Этот чарующий мир постепенно начинает рушиться и опадать, как осенние листья, буквально с той реплики, которая хорошо известна, и которую произносит Аркадина. Зерно этой сцены, самого начала спектакля выражено ясно и недвусмысленно: все в аромате построения, мизансцен, подтекста, вторых и иных, глубинных, планов. Такое зерно можно охарактеризовать одним словом - реалистическая театральность. Критерием театральности становится выраженный, обозначенный первоначально в тексте, симбиоз нескольких начал. Это:

— конкретное, выразительное сценическое действие (оттенки такого действия содержатся в действенном анализе пьесы и спектакля; если ее составляющие - конфликт, сверхзадача, подтекст, внутренняя подоплека (интенция, намерение героя, автора, самой задумки произведения), помноженные на фабулу, отражают действие, то тогда мы вправе назвать происходящее на сцене театральностью;

— насыщенность всеми производными действия становятся одним из выразителей театральности;

— театральность не есть только и исключительно зрелищность, она несет в себе черты метафизического поиска средств выразительности;

— умозрительность и метафизическое наполнение произведения во многом характеризуют театральность; под метафизическим мы понимаем не только реалистическую окрашенность, а как бы более тонкую структуру намерений. Театральность располагает средствами универсальной надобности и потребности выражать сценическое повествование, не вступая в конфликт с основным, запечатленным в слове текстом пьесы. Пьеса может и не содержать вовсе яркого, выразительного действия, но иметь тот указанный скрытый (метафизический, ирреальный смысл), который приведет к раскрытию зерна театральности.

Формула театральности.

Можно сделать вывод о том, что театральность зиждется на совокупности внешнего действия, содержащегося в самой партитуре пьесы, а также в интенциях автора, носящих не явный характер. Такое единство вкупе с тонкой взаимообусловленностью действия внешнего и скрытого составляют не только смысл повествования, но и его внутренний стержень, основу, на которой строится пьеса и которая держит все то ирреальное начало, которое есть в каждом произведении, даже, если оно сугубо реалистическое.

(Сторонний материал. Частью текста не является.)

lemma integral_equation_agreement_extends:
  fixes G :: "real \<Rightarrow> 'a::banach \<Rightarrow> 'a"
  assumes lip: "\<And>z. z \<in> X \<Longrightarrow> \<exists>r>0. \<exists>L. \<forall>\<phi>\<in>{0..T}. L-lipschitz_on (cball z r \<inter> X) (G \<phi>)"
    and p: "\<And>\<sigma>. \<sigma> \<in> {0..T} \<Longrightarrow> p \<sigma> \<in> X \<and> ((\<lambda>\<phi>. G \<phi> (p \<phi>)) has_integral (p \<sigma> - y)) {0..\<sigma>}"
    and q: "\<And>\<sigma>. \<sigma> \<in> {0..T} \<Longrightarrow> q \<sigma> \<in> X \<and> ((\<lambda>\<phi>. G \<phi> (q \<phi>)) has_integral (q \<sigma> - y)) {0..\<sigma>}"
    and s: "s \<in> {0..<T}" and pq: "p s = q s"
  obtains \<delta> where "\<delta> > 0" "\<forall>t\<in>{s..s+\<delta>}. p t = q t"
proof -
  have "p s \<in> X" using p s by simp
  then obtain r L where r: "r > 0" and L: "\<And>\<phi>. \<phi> \<in> {0..T} \<Longrightarrow> L-lipschitz_on (cball (p s) r \<inter> X) (G \<phi>)"
    using lip by blast
  have "0 \<le> L" using L[of s] s by (simp add: lipschitz_on_nonneg)
  have "s \<in> {0..T}" using s by simp
  moreover have "continuous_on {0..T} p" "continuous_on {0..T} q"
    using has_integral_imp_continuous_on[of 0 T _ p y] has_integral_imp_continuous_on[of 0 T _ q y] p q
    by blast+
  ultimately obtain dp dq where dp: "dp > 0" "\<And>t. t \<in> {0..T} \<Longrightarrow> dist t s < dp \<Longrightarrow> dist (p t) (p s) < r"
    and dq: "dq > 0" "\<And>t. t \<in> {0..T} \<Longrightarrow> dist t s < dq \<Longrightarrow> dist (q t) (q s) < r"
    using r unfolding continuous_on_iff by (elim ballE allE[of _ r] impE) auto
  define \<delta> where "\<delta> = min (min dp dq / 2) (min (T - s) (1 / (L + 1)))"
  have \<delta>: "0 < \<delta>" "s + \<delta> \<le> T" "\<delta> < dp" "\<delta> < dq"
    using dp dq s \<open>0 \<le> L\<close> by (auto simp: \<delta>_def)
  have "L * \<delta> \<le> L * (1 / (L + 1))"
    using \<open>0 \<le> L\<close> by (intro mult_left_mono) (auto simp: \<delta>_def)
  also have "\<dots> < 1" using \<open>0 \<le> L\<close> by (simp add: field_simps)
  finally have "L * \<delta> < 1" .
  have "\<forall>t\<in>{s..s+\<delta>}. p t = q t"
  proof (rule integral_equation_unique_on_short_interval[where A="cball (p s) r \<inter> X"])
    fix t assume t: "t \<in> {s..s+\<delta>}"
    then have t0: "t \<in> {0..T}" and "dist t s < dp" "dist t s < dq"
      using s \<delta> by (auto simp: dist_real_def)
    then have "dist (p t) (p s) < r" "dist (q t) (p s) < r"
      using dp(2)[OF t0] dq(2)[OF t0] pq by simp_all
    then show "p t \<in> cball (p s) r \<inter> X \<and> q t \<in> cball (p s) r \<inter> X"
      using p[OF t0] q[OF t0] dist_commute[of "p s"] by simp
    show "L-lipschitz_on (cball (p s) r \<inter> X) (G t)" using L t0 .
    show "((\<lambda>\<phi>. G \<phi> (p \<phi>)) has_integral (p t - p s)) {s..t}"
      and "((\<lambda>\<phi>. G \<phi> (q \<phi>)) has_integral (q t - q s)) {s..t}"
      using has_integral_increment[of 0 T _ p y] has_integral_increment[of 0 T _ q y] p q t s \<delta>
      by auto
  qed (use \<delta> \<open>L * \<delta> < 1\<close> pq in simp_all)
  with \<delta> that show thesis by blast
qed
text \<open>A directed network is given by source and target maps of the edges; the edge
  weights are the formal variables w(e).  A walk is a start vertex together with the list
  of its steps (edge, vertex reached).\<close>

type_synonym ('v, 'e) walk = "'v \<times> ('e \<times> 'v) list"

fun steps_ok :: "('e \<Rightarrow> 'v) \<Rightarrow> ('e \<Rightarrow> 'v) \<Rightarrow> 'v \<Rightarrow> ('e \<times> 'v) list \<Rightarrow> bool" where
  "steps_ok src tgt v [] = True"
| "steps_ok src tgt v ((e, u) # st) = (src e = v \<and> tgt e = u \<and> steps_ok src tgt u st)"

definition walk_verts :: "('v, 'e) walk \<Rightarrow> 'v list" where
  "walk_verts p = fst p # map snd (snd p)"

definition is_walk :: "('e \<Rightarrow> 'v) \<Rightarrow> ('e \<Rightarrow> 'v) \<Rightarrow> 'v \<Rightarrow> 'v \<Rightarrow> ('v, 'e) walk \<Rightarrow> bool" where
  "is_walk src tgt x y p \<longleftrightarrow> fst p = x \<and> last (walk_verts p) = y \<and> steps_ok src tgt (fst p) (snd p)"

definition wmon :: "('v, 'e) walk \<Rightarrow> 'e multiset" where
  "wmon p = mset (map fst (snd p))"

definition walk_series :: "('e \<Rightarrow> 'v) \<Rightarrow> ('e \<Rightarrow> 'v) \<Rightarrow> 'v \<Rightarrow> 'v \<Rightarrow> 'e mfps" where
  "walk_series src tgt x y = mono_sum {p. is_walk src tgt x y p} wmon"
lemma moebius_sum_multiplicity_nonneg:
  fixes b q u :: nat
  assumes b: "b \<ge> 2" and q: "prime q" and u: "u > 0"
  shows "moebius_sum (\<lambda>e. int (multiplicity q (b ^ e - 1))) u (prime_factors u) \<ge> 0"
proof -
  have "multiplicity q (b ^ (u div r) - 1) \<le> multiplicity q (b ^ u - 1)"
    if "r \<in> prime_factors u" for r
  proof (rule dvd_imp_multiplicity_le)
    show "b ^ (u div r) - 1 dvd b ^ u - 1"
      using b that by (intro power_minus_one_dvd_power_minus_one) (auto elim!: dvdE)
  qed (rule power_minus_one_neq_0[OF b u])
  then have "Max (insert 0 ((\<lambda>r. int (multiplicity q (b ^ (u div r) - 1))) ` prime_factors u))
               \<le> int (multiplicity q (b ^ u - 1))"
    by (subst Max_le_iff) auto
  then show ?thesis unfolding moebius_sum_multiplicity_power_minus_one[OF b q u] by simp
qed

lemma moebius_sum_multiplicity_ord:
  fixes b p :: nat
  assumes b: "b \<ge> 2" and p: "prime p" and "\<not> p dvd b"
  shows "moebius_sum (\<lambda>e. int (multiplicity p (b ^ e - 1))) (ord p b) (prime_factors (ord p b))
           = int (multiplicity p (b ^ ord p b - 1))"
proof -
  define u where "u = ord p b"
  have u: "u > 0" unfolding u_def using assms by (simp add: prime_imp_coprime)
  have "multiplicity p (b ^ (u div r) - 1) = 0" if r: "r \<in> prime_factors u" for r
  proof -
    have "u div r < u" using r u prime_gt_1_nat[of r] by (intro div_less_dividend) auto
    moreover have "u div r > 0" using r u dvd_div_eq_0_iff[of r u] by auto
    ultimately have "\<not> ord p b dvd u div r" unfolding u_def by (meson dvd_imp_le leD)
    then have "\<not> p dvd b ^ (u div r) - 1" using dvd_power_minus_one_iff_ord_dvd[of b p] b by simp
    then show ?thesis by (rule not_dvd_imp_multiplicity_0)
  qed
  then have "insert 0 ((\<lambda>r. int (multiplicity p (b ^ (u div r) - 1))) ` prime_factors u) = {0}"
    by auto
  then show ?thesis
    unfolding u_def[symmetric] moebius_sum_multiplicity_power_minus_one[OF b p u]
    by (simp only: Max_singleton diff_zero)
qed

lemma prime_power_mult_cyclotomic_denom_dvd:
  fixes b p :: nat
  assumes b: "b \<ge> 2" and p: "prime p" and "\<not> p dvd b"
  shows "p ^ multiplicity p (b ^ ord p b - 1) * cyclotomic_denom b (ord p b)
           dvd cyclotomic_numer b (ord p b)"
proof -
  define u where "u = ord p b"
  have u: "u > 0" unfolding u_def using assms by (simp add: prime_imp_coprime)
  have den: "cyclotomic_denom b u \<noteq> 0" by (rule cyclotomic_denom_neq_0[OF b u])
  have "multiplicity q (p ^ multiplicity p (b ^ u - 1) * cyclotomic_denom b u)
          \<le> multiplicity q (cyclotomic_numer b u)" if q: "prime q" for q
  proof (cases "q = p")
    case True
    then show ?thesis
      using multiplicity_cyclotomic[OF b u q] moebius_sum_multiplicity_ord[OF assms] p den
      unfolding u_def by (simp add: prime_elem_multiplicity_mult_distrib)
  next
    case False
    then show ?thesis
      using multiplicity_cyclotomic[OF b u q] moebius_sum_multiplicity_nonneg[OF b q u] p q den
      by (simp add: prime_elem_multiplicity_mult_distrib multiplicity_distinct_prime_power)
  qed
  then show ?thesis
    unfolding u_def[symmetric] using den p by (intro multiplicity_le_imp_dvd) (auto simp: prime_gt_0_nat)
qed

lemma exp_minus_two_mult_le:
  fixes t :: real
  assumes "0 \<le> t" "t \<le> 1/2"
  shows "exp (- 2 * t) \<le> 1 - t"
proof -
  have "t * (2 * t) \<le> t * 1" using assms by (intro mult_left_mono) auto
  then have "- 2 * t \<le> - t - 2 * t\<^sup>2" by (simp add: power2_eq_square algebra_simps)
  also have "\<dots> \<le> ln (1 - t)" by (rule ln_one_minus_pos_lower_bound[OF assms])
  finally have "exp (- 2 * t) \<le> exp (ln (1 - t))" by simp
  then show ?thesis using assms by simp
qed

lemma sum_power_atLeast1_le:
  fixes x :: real
  assumes "0 \<le> x" "x \<le> 1/2"
  shows "(\<Sum>k=1..n. x ^ k) \<le> 1 - x ^ n"
proof (induction n)
  case (Suc n)
  have "2 * x * x ^ n \<le> 1 * x ^ n" using assms by (intro mult_right_mono) auto
  then show ?case using Suc by simp
qed simp

lemma prod_power_minus_one_ge:
  fixes b :: nat and D :: "nat set"
  assumes b: "b \<ge> 2" and D: "finite D" "0 \<notin> D"
  shows "exp (-2) * real b ^ (\<Sum>D) \<le> (\<Prod>d\<in>D. real b ^ d - 1)"
proof -
  define t where "t d = (1 / real b) ^ d" for d
  have t: "0 \<le> t d" "t d \<le> 1/2" if "d \<in> D" for d
  proof -
    have "d \<ge> 1" using that D(2) by (cases d) auto
    then have "(1 / real b) ^ d \<le> (1 / real b) ^ 1" using b by (intro power_decreasing) auto
    also have "\<dots> \<le> 1/2" using b by (simp add: field_simps)
    finally show "t d \<le> 1/2" unfolding t_def .
  qed (simp add: t_def)
  have "D \<subseteq> {1..\<Sum>D}"
  proof
    fix d assume "d \<in> D"
    then show "d \<in> {1..\<Sum>D}" using D by (cases d) (auto intro: member_le_sum)
  qed
  then have "(\<Sum>d\<in>D. t d) \<le> (\<Sum>k=1..\<Sum>D. (1 / real b) ^ k)"
    unfolding t_def by (intro sum_mono2) auto
  also have "\<dots> \<le> 1 - (1 / real b) ^ (\<Sum>D)" using b by (intro sum_power_atLeast1_le) auto
  also have "\<dots> \<le> 1" by simp
  finally have "(\<Sum>d\<in>D. t d) \<le> 1" .
  then have "exp (-2) \<le> exp (- 2 * (\<Sum>d\<in>D. t d))" by simp
  also have "\<dots> = (\<Prod>d\<in>D. exp (- 2 * t d))"
    by (simp add: exp_sum[OF D(1)] sum_distrib_left)
  also have "\<dots> \<le> (\<Prod>d\<in>D. 1 - t d)"
    using t exp_minus_two_mult_le by (intro prod_mono) auto
  finally have "exp (-2) * real b ^ (\<Sum>D) \<le> (\<Prod>d\<in>D. 1 - t d) * (\<Prod>d\<in>D. real b ^ d)"
    by (simp add: power_sum mult_right_mono prod_nonneg)
  also have "\<dots> = (\<Prod>d\<in>D. real b ^ d - 1)"
    unfolding prod.distrib[symmetric] t_def using b by (intro prod.cong) (auto simp: field_simps)
  finally show ?thesis .
qed

lemma cyclotomic_numer_le_denom:
  assumes b: "b \<ge> 2" and u: "u > 0"
  shows "real (cyclotomic_numer b u) \<le> exp 2 * real b ^ totient u * real (cyclotomic_denom b u)"
proof -
  define d where "d S = u div \<Prod>S" for S
  define Ev Od where "Ev = {S. S \<subseteq> prime_factors u \<and> even (card S)}"
    and "Od = {S. S \<subseteq> prime_factors u \<and> odd (card S)}"
  have fin: "finite Ev" "finite Od" unfolding Ev_def Od_def by auto
  have sums: "(\<Sum>S\<in>Ev. d S) = totient u + (\<Sum>S\<in>Od. d S)"
  proof -
    have "real (totient u) = moebius_sum real u (prime_factors u)"
      unfolding totient_formula2 by (rule moebius_sum_of_nat[symmetric]) auto
    then have "real (\<Sum>S\<in>Ev. d S) = real (totient u + (\<Sum>S\<in>Od. d S))"
      unfolding moebius_sum_parity_split[OF finite_set_mset] Ev_def Od_def d_def by simp
    then show ?thesis by (simp only: of_nat_eq_iff)
  qed
  have denom: "real b ^ (\<Sum>S\<in>Od. d S) \<le> exp 2 * real (cyclotomic_denom b u)"
  proof -
    have inj: "inj_on d Od"
      using inj_on_div_prod_prime_factors[OF u] unfolding d_def Od_def
      by (rule inj_on_subset) auto
    have "d S > 0" if "S \<in> Od" for S
      using that div_prod_prime_factors_pos[OF u] unfolding d_def Od_def by blast
    then have "0 \<notin> d ` Od" by (metis imageE less_irrefl)
    then have "exp (-2) * real b ^ (\<Sum>(d ` Od)) \<le> (\<Prod>k\<in>d ` Od. real b ^ k - 1)"
      using fin by (intro prod_power_minus_one_ge[OF b]) auto
    also have "\<dots> = real (cyclotomic_denom b u)"
      unfolding cyclotomic_denom_def Od_def[symmetric] d_def[symmetric] prod.reindex[OF inj]
      using b by (simp add: of_nat_diff)
    finally have "exp 2 * (exp (-2) * real b ^ (\<Sum>S\<in>Od. d S)) \<le> exp 2 * real (cyclotomic_denom b u)"
      unfolding sum.reindex[OF inj] by (intro mult_left_mono) auto
    moreover have "exp 2 * (exp (-2) * x) = x" for x :: real
      by (simp add: mult.assoc[symmetric] exp_minus_inverse)
    ultimately show ?thesis by simp
  qed
  have "real (cyclotomic_numer b u) = (\<Prod>S\<in>Ev. real (b ^ d S - 1))"
    unfolding cyclotomic_numer_def Ev_def[symmetric] d_def[symmetric] by simp
  also have "\<dots> \<le> (\<Prod>S\<in>Ev. real b ^ d S)"
    by (intro prod_mono) (auto simp: of_nat_diff)
  also have "\<dots> = real b ^ totient u * real b ^ (\<Sum>S\<in>Od. d S)"
    by (simp add: power_sum[symmetric] sums power_add)
  also have "\<dots> \<le> real b ^ totient u * (exp 2 * real (cyclotomic_denom b u))"
    using denom by (intro mult_left_mono) auto
  finally show ?thesis by (simp add: mult_ac)
qed

lemma prime_power_ord_le:
  fixes b p :: nat
  assumes b: "b \<ge> 2" and p: "prime p" and "\<not> p dvd b"
  shows "real (p ^ multiplicity p (b ^ ord p b - 1)) \<le> exp 2 * real b ^ totient (ord p b)"
proof -
  define u where "u = ord p b"
  have u: "u > 0" unfolding u_def using assms by (simp add: prime_imp_coprime)
  have den: "real (cyclotomic_denom b u) > 0" using cyclotomic_denom_neq_0[OF b u] by simp
  have "real (p ^ multiplicity p (b ^ u - 1)) * real (cyclotomic_denom b u)
          \<le> real (cyclotomic_numer b u)"
    using prime_power_mult_cyclotomic_denom_dvd[OF assms] cyclotomic_numer_neq_0[OF b u]
    unfolding u_def[symmetric] of_nat_mult[symmetric] of_nat_le_iff
    by (intro dvd_imp_le) auto
  also have "\<dots> \<le> exp 2 * real b ^ totient u * real (cyclotomic_denom b u)"
    by (rule cyclotomic_numer_le_denom[OF b u])
  finally show ?thesis unfolding u_def[symmetric] using den by simp
qed

section \<open>Lifting the exponent\<close>

lemma power_minus_one_eq_nat:
  fixes x :: nat
  assumes "x \<ge> 1"
  shows "x ^ n - 1 = (x - 1) * (\<Sum>i<n. x ^ i)"
proof -
  have "int (x ^ n - 1) = int x ^ n - 1" using assms by (simp add: of_nat_diff)
  also have "\<dots> = (int x - 1) * (\<Sum>i<n. int x ^ i)" by (rule power_diff_1_eq)
  also have "\<dots> = int ((x - 1) * (\<Sum>i<n. x ^ i))" using assms by (simp add: of_nat_diff)
  finally show ?thesis by linarith
qed

lemma prime_dvd_sum_powers_iff:
  fixes x p :: nat
  assumes "x \<ge> 1" "p dvd x - 1"
  shows "p dvd (\<Sum>i<k. x ^ i) \<longleftrightarrow> p dvd k"
proof -
  have "int p dvd int x - 1" using assms of_nat_dvd_iff[of p "x - 1"] by (simp add: of_nat_diff)
  then have "int p dvd int x ^ i - 1" for i
    using power_diff_1_eq[of "int x" i] by (simp add: dvd_mult2)
  then have D: "int p dvd (\<Sum>i<k. int x ^ i) - int k"
    using dvd_sum[of "{..<k}" "int p" "\<lambda>i. int x ^ i - 1"] by (simp add: sum_subtractf)
  have "int p dvd (\<Sum>i<k. int x ^ i) \<longleftrightarrow> int p dvd int k"
  proof
    assume "int p dvd (\<Sum>i<k. int x ^ i)"
    from dvd_diff[OF this D] show "int p dvd int k" by simp
  next
    assume "int p dvd int k"
    from dvd_add[OF D this] show "int p dvd (\<Sum>i<k. int x ^ i)" by simp
  qed
  moreover have "int (\<Sum>i<k. x ^ i) = (\<Sum>i<k. int x ^ i)" by simp
  ultimately show ?thesis by (metis of_nat_dvd_iff)
qed

text \<open>With \<open>x = 1 + p t\<close>, expanding binomially gives
  \<open>\<Sum>i<n. x ^ i \<equiv> n + p t n (n - 1) / 2 (mod p\<^sup>2)\<close>; the factor 2 keeps everything integral.\<close>

lemma prime_square_dvd_sum_powers_congruence:
  fixes p t :: int
  shows "p\<^sup>2 dvd 2 * (\<Sum>i<n. (1 + p * t) ^ i) - 2 * int n - p * t * int n * (int n - 1)"
proof -
  have pow: "p\<^sup>2 dvd (1 + p * t) ^ i - 1 - int i * p * t" for i
  proof (induction i)
    case (Suc i)
    have "(1 + p * t) ^ Suc i - 1 - int (Suc i) * p * t
        = ((1 + p * t) ^ i - 1 - int i * p * t) * (1 + p * t) + p\<^sup>2 * (int i * t * t)"
      by (simp add: algebra_simps power2_eq_square)
    moreover have "p\<^sup>2 dvd ((1 + p * t) ^ i - 1 - int i * p * t) * (1 + p * t) + p\<^sup>2 * (int i * t * t)"
      using Suc by (intro dvd_add dvd_mult2) auto
    ultimately show ?case by (simp only:)
  qed simp
  show ?thesis
  proof (induction n)
    case (Suc n)
    have "2 * (\<Sum>i<Suc n. (1 + p * t) ^ i) - 2 * int (Suc n) - p * t * int (Suc n) * (int (Suc n) - 1)
        = (2 * (\<Sum>i<n. (1 + p * t) ^ i) - 2 * int n - p * t * int n * (int n - 1))
          + 2 * ((1 + p * t) ^ n - 1 - int n * p * t)"
      by (simp add: algebra_simps)
    moreover have "p\<^sup>2 dvd (2 * (\<Sum>i<n. (1 + p * t) ^ i) - 2 * int n - p * t * int n * (int n - 1))
          + 2 * ((1 + p * t) ^ n - 1 - int n * p * t)"
      using Suc pow[of n] by (intro dvd_add dvd_mult)
    ultimately show ?case by (simp only:)
  qed simp
qed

В театральности заключен тот единственно возможный универсальный смысл, который отсылает произведение к числу сценических и готовых к интерпретации. Театральность - это имманентно присущее любому сценическому произведению универсальное свойство, проявления которого могут быть разными и отличаться по:

— форме;

— средствам выразительности;

— соединению реального и ирреального начал;

— стилю;

— ритму;

— гротескному наполнению;

— жанру;

— образам.

Можно формулой выразить театральность, где она и время стремятся к той высшей универсальной точке, векторы которой определяют перечисленное. Главным образом - жанр, стиль, ритм, гротеск, художественный образ - и все это

завершает и выражает Время. Оно и делает те самые «поправки» в понятии театральности. Стало быть, универсальный смысл, который мы приписываем театральности, и есть главная ее отправная точка. Универсум - театральность -сцена.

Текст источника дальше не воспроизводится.